Ich mußte oft an die Geschichte denken von Hermann Ecke, der glaubte, daß Eva wieder zu ihm käme.

Einen Rosengarten legte er ihr an, er baute eine Veranda für sie. Immer frische Sträuße in den Vasen, eine brennende Lampe die ganze Nacht in ihrem Zimmer.

Hurtig, hurtig, ihr Leute.

Ja, nun konnte Eva kommen.

Sagt der Freund zu Hermann Ecke: Kommt sie auch? Hahaha, antwortet Hermann Ecke. Das ist alles, was er antwortet.

Freilich kommt Eva wieder. Herrliches habe ich erlebt, wird sie sprechen, alle haben mich angebetet.

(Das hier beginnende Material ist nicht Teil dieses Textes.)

lemma prob_gdiam_le_2_ge:
  "1 - (\<Sum>i = 1..c. \<Sum>j = 1..c.
          2 * real (spairs n blk i j) * min (1 - P i j) (exp (2 - codegree c n blk P i j)))
     \<le> measure_pmf.prob (sbm n blk P) {E. gdiam {1..n} E \<le> 2}"
proof -
  let ?M = "sbm n blk P"
  let ?far = "\<lambda>(u,v). {E. \<not> joined_within_2 {1..n} E u v}"
  define \<beta> where "\<beta> i j = min (1 - P i j) (exp (2 - codegree c n blk P i j))" for i j
  define pairs where "pairs = {(u,v). u \<in> {1..n} \<and> v \<in> {1..n} \<and> u \<noteq> v}"
  have fin: "finite pairs"
    by (rule finite_subset[of _ "{1..n} \<times> {1..n}"]) (auto simp: pairs_def)
  have "UNIV - {E. gdiam {1..n} E \<le> 2} \<subseteq> (\<Union>x\<in>pairs. ?far x)"
    using gdiam_le_2I[of "{1..n}"] by (fastforce simp: pairs_def)
  then have "measure_pmf.prob ?M (UNIV - {E. gdiam {1..n} E \<le> 2})
      \<le> measure_pmf.prob ?M (\<Union>x\<in>pairs. ?far x)"
    by (rule measure_pmf.finite_measure_mono) simp
  also have "\<dots> \<le> (\<Sum>x\<in>pairs. measure_pmf.prob ?M (?far x))"
    by (rule measure_pmf.finite_measure_subadditive_finite[OF fin]) simp
  also have "\<dots> \<le> (\<Sum>(u,v)\<in>pairs. \<beta> (blk u) (blk v))"
  proof (rule sum_mono)
    fix x assume "x \<in> pairs"
    then obtain u v where x: "x = (u,v)" and uv: "u \<in> {1..n}" "v \<in> {1..n}" "u \<noteq> v"
      by (auto simp: pairs_def)
    show "measure_pmf.prob ?M (?far x) \<le> (case x of (u,v) \<Rightarrow> \<beta> (blk u) (blk v))"
      using prob_not_joined_le_non_edge[OF uv] prob_not_joined_le_exp_codegree[OF uv]
      by (simp add: x \<beta>_def)
  qed
  also have "\<dots> = (\<Sum>y\<in>{1..c} \<times> {1..c}.
      \<Sum>(u,v)\<in>{x \<in> pairs. (blk (fst x), blk (snd x)) = y}. \<beta> (blk u) (blk v))"
  proof (rule sum.group[symmetric, OF fin])
    show "(\<lambda>x. (blk (fst x), blk (snd x))) ` pairs \<subseteq> {1..c} \<times> {1..c}"
      unfolding pairs_def image_subset_iff using blk_range by (simp add: mem_Times_iff)
  qed simp
  also have "\<dots> = (\<Sum>(i,j)\<in>{1..c} \<times> {1..c}. real (card (block_pairs n blk i j)) * \<beta> i j)"
  proof (rule sum.cong[OF refl])
    fix y :: "nat \<times> nat"
    obtain i j where y: "y = (i,j)" by force
    have "{x \<in> pairs. (blk (fst x), blk (snd x)) = (i,j)} = block_pairs n blk i j"
      by (auto simp: pairs_def block_pairs_def)
    moreover have "(\<Sum>(u,v)\<in>block_pairs n blk i j. \<beta> (blk u) (blk v))
        = (\<Sum>(u,v)\<in>block_pairs n blk i j. \<beta> i j)"
      by (intro sum.cong) (auto simp: block_pairs_def)
    ultimately show "(\<Sum>(u,v)\<in>{x \<in> pairs. (blk (fst x), blk (snd x)) = y}. \<beta> (blk u) (blk v))
        = (case y of (i,j) \<Rightarrow> real (card (block_pairs n blk i j)) * \<beta> i j)"
      by (simp add: y)
  qed
  also have "\<dots> \<le> (\<Sum>(i,j)\<in>{1..c} \<times> {1..c}. 2 * real (spairs n blk i j) * \<beta> i j)"
  proof (rule sum_mono)
    fix x assume "x \<in> {1..c} \<times> {1..c}"
    then obtain i j where x: "x = (i,j)" and ij: "i \<in> {1..c}" "j \<in> {1..c}" by blast
    have "0 \<le> \<beta> i j" using P_range[OF ij] by (simp add: \<beta>_def)
    then have "real (card (block_pairs n blk i j)) * \<beta> i j \<le> 2 * real (spairs n blk i j) * \<beta> i j"
      using card_block_pairs_le[of n blk i j] by (intro mult_right_mono) linarith+
    then show "(case x of (i,j) \<Rightarrow> real (card (block_pairs n blk i j)) * \<beta> i j)
        \<le> (case x of (i,j) \<Rightarrow> 2 * real (spairs n blk i j) * \<beta> i j)"
      by (simp add: x)
  qed
  finally show ?thesis
    using measure_pmf.prob_compl[of "{E. gdiam {1..n} E \<le> 2}" ?M]
    by (simp add: \<beta>_def sum.cartesian_product)
qed

end

theorem lemma3p1:
  fixes c :: nat
    and blk :: "nat \<Rightarrow> nat \<Rightarrow> nat"
    and P :: "nat \<Rightarrow> nat \<Rightarrow> nat \<Rightarrow> real"
    and K :: "(nat \<times> nat) set"
  assumes c_pos: "c \<ge> 1"
    and blk_range: "\<And>n v. v \<in> {1..n} \<Longrightarrow> blk n v \<in> {1..c}"
    and P_sym: "\<And>n i j. i \<in> {1..c} \<Longrightarrow> j \<in> {1..c} \<Longrightarrow> P n i j = P n j i"
    and P_range: "\<And>n i j. i \<in> {1..c} \<Longrightarrow> j \<in> {1..c} \<Longrightarrow> 0 \<le> P n i j \<and> P n i j \<le> 1"
    and K_def: "K = {(i, j). i \<in> {1..c} \<and> j \<in> {1..c} \<and>
                   limsup (\<lambda>n. ereal (real (spairs n (blk n) i j) * (1 - P n i j))) > 0}"
    and K_growth: "\<And>i j. (i, j) \<in> K \<Longrightarrow>
                   filterlim (\<lambda>n. real (bsize n (blk n) i * bsize n (blk n) j)) at_top sequentially"
    and codegree: "\<exists>C > 1. eventually (\<lambda>n. \<forall>(i, j) \<in> K.
                   (\<Sum>k = 1..c. real (bsize n (blk n) k) * P n i k * P n k j)
                     \<ge> C * ln (real (bsize n (blk n) i * bsize n (blk n) j))) sequentially"
  shows "(\<lambda>n. measure_pmf.prob (sbm n (blk n) (P n)) {E. gdiam {1..n} E \<le> 2}) \<longlonglongrightarrow> 1"
proof -
  obtain C where C: "C > 1" and large_codegree: "eventually (\<lambda>n. \<forall>(i, j) \<in> K.
      codegree c n (blk n) (P n) i j \<ge> C * ln (real (bsize n (blk n) i * bsize n (blk n) j))) sequentially"
    using codegree unfolding codegree_def by blast
  define \<epsilon> where "\<epsilon> n i j = real (spairs n (blk n) i j)
      * min (1 - P n i j) (exp (2 - codegree c n (blk n) (P n) i j))" for n i j
  have lower: "1 - (\<Sum>i = 1..c. \<Sum>j = 1..c. 2 * \<epsilon> n i j)
      \<le> measure_pmf.prob (sbm n (blk n) (P n)) {E. gdiam {1..n} E \<le> 2}" for n
  proof -
    interpret block_model c n "blk n" "P n"
      using blk_range P_sym P_range by unfold_locales
    show ?thesis using prob_gdiam_le_2_ge by (simp add: \<epsilon>_def mult.assoc)
  qed
  have "(\<lambda>n. \<epsilon> n i j) \<longlonglongrightarrow> 0" if ij: "i \<in> {1..c}" "j \<in> {1..c}" for i j
  proof -
    let ?N = "\<lambda>n. real (bsize n (blk n) i * bsize n (blk n) j)"
    have "limsup (\<lambda>n. ereal (real (spairs n (blk n) i j) * (1 - P n i j))) \<le> 0
      \<or> filterlim ?N at_top sequentially
        \<and> eventually (\<lambda>n. C * ln (?N n) \<le> codegree c n (blk n) (P n) i j) sequentially"
    proof (cases "(i,j) \<in> K")
      case True
      then show ?thesis
        using K_growth[OF True] eventually_mono[OF large_codegree] by fastforce
    qed (use ij in \<open>simp add: K_def not_less\<close>)
    then show ?thesis
      unfolding \<epsilon>_def using P_range[OF ij] spairs_le_bsize_mult
      by (intro tendsto_mult_min_exp_zero[OF _ _ _ C]) (simp_all del: of_nat_mult)
  qed
  then have "(\<lambda>n. \<Sum>i = 1..c. \<Sum>j = 1..c. 2 * \<epsilon> n i j) \<longlonglongrightarrow> 0"
    by (intro tendsto_null_sum tendsto_mult_right_zero) auto
  then show ?thesis
    using lower by (rule tendsto_prob_one_if_error_zero[rotated])
qed

end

Königin, dein Thron ist bereit – ah, ein Narr! Ja, Hermann Ecke ist ein Narr. Aber ein glücklicher Narr ist er. – – – – – – – – – – – – –

In einer Nacht schrie der Hirsch in den Bergen. Ich stand am Fenster und horchte auf seinen Schrei.

Da stieg er in meinem Herzen auf der Gedanke, zum erstenmal, ganz deutlich, fordernd und stark. Ich rang mit ihm. Wochen und Monate habe ich mit ihm gerungen, mit diesem Gedanken.

Ich war traurig, traurig.

Ich ging in Sack und Asche einher. Ich lachte nicht mehr, ich lächelte selten. Ich liebte es, zu tanzen und zu jubeln vor Freude, ich liebte es, prächtige Gedanken im Kopfe zu tragen, ich liebte es, mein Herz klopfen zu hören. Ja, in jenem Sommer, da waren Symphonien in mir, Symphonien, ohne Ende, ohne Ende.

Nun war ich aus meinem Reiche vertrieben, ein Bettler, der sich dahinschleppte, Hunger in den Augen.

Einst wandelte ich, jetzt kroch ich.

Möchte doch die Sonne erblinden, möchte doch die Welt zerfallen in Schutt, Schutt.

Die Hand des Schicksals hat mein Gesicht zerknittert, es erscheint mir fremd. Meine Augen sind zusammengerückt und sie stechen, eine tiefe Falte spaltet meine Stirn, meine Lippen hat die Bitternis gesäumt.

Ich bin unglücklich.

Es ist ein kleines Wort. Wehe, wenn du einmal nichts anderes mehr sagen kannst als dies.